Start of Extracted information

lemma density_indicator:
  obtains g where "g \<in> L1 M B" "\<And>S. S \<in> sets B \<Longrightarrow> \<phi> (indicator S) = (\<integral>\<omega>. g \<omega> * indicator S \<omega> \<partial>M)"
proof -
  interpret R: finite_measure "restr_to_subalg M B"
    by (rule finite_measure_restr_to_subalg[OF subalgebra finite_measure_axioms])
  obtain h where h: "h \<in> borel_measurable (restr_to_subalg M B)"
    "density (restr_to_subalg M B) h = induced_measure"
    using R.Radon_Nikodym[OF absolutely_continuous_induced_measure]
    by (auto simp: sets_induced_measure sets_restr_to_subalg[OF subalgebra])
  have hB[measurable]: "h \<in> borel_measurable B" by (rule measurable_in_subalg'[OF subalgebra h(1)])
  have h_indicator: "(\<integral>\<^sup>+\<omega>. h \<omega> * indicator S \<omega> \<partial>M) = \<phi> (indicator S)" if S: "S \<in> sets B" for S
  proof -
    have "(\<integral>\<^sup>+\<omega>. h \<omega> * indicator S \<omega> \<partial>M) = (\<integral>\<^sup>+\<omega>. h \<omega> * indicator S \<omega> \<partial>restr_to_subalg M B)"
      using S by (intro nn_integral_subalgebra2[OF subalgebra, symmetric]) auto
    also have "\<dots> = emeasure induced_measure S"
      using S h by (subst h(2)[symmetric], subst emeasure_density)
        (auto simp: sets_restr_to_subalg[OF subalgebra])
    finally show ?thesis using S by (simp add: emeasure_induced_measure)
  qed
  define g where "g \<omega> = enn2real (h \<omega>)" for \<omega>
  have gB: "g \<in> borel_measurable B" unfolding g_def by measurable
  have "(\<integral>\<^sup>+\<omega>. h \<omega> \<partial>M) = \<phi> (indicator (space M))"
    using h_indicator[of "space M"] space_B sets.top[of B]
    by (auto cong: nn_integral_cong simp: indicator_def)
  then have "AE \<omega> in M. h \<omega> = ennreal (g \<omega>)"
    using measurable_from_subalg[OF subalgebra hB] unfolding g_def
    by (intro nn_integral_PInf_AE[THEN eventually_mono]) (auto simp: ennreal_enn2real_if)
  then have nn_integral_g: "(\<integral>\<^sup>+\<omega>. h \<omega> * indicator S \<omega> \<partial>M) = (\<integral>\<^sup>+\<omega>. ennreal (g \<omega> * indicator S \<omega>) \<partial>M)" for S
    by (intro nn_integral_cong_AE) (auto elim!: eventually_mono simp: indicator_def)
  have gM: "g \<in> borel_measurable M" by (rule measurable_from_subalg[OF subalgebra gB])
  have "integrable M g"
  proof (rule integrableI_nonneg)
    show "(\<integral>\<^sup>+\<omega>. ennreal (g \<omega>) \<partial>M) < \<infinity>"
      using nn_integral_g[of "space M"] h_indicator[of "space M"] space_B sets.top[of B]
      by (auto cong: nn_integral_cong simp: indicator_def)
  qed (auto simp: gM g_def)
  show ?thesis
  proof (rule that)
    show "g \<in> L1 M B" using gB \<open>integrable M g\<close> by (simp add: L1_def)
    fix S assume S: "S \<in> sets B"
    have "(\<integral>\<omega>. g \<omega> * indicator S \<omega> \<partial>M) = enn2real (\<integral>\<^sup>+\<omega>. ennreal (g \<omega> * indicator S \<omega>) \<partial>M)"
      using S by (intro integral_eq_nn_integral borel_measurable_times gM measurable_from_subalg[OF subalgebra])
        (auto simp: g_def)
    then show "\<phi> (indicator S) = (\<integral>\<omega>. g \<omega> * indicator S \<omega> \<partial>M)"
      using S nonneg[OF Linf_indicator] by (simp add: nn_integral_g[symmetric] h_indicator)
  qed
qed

End of Extracted information

▸ Required work
Locate the word "rule" in the data above. Copy every line carrying it.

▸ The answer
    by (rule finite_measure_restr_to_subalg[OF subalgebra finite_measure_axioms])
  have hB[measurable]: "h \<in> borel_measurable B" by (rule measurable_in_subalg'[OF subalgebra h(1)])
  have gM: "g \<in> borel_measurable M" by (rule measurable_from_subalg[OF subalgebra gB])
  proof (rule integrableI_nonneg)
  proof (rule that)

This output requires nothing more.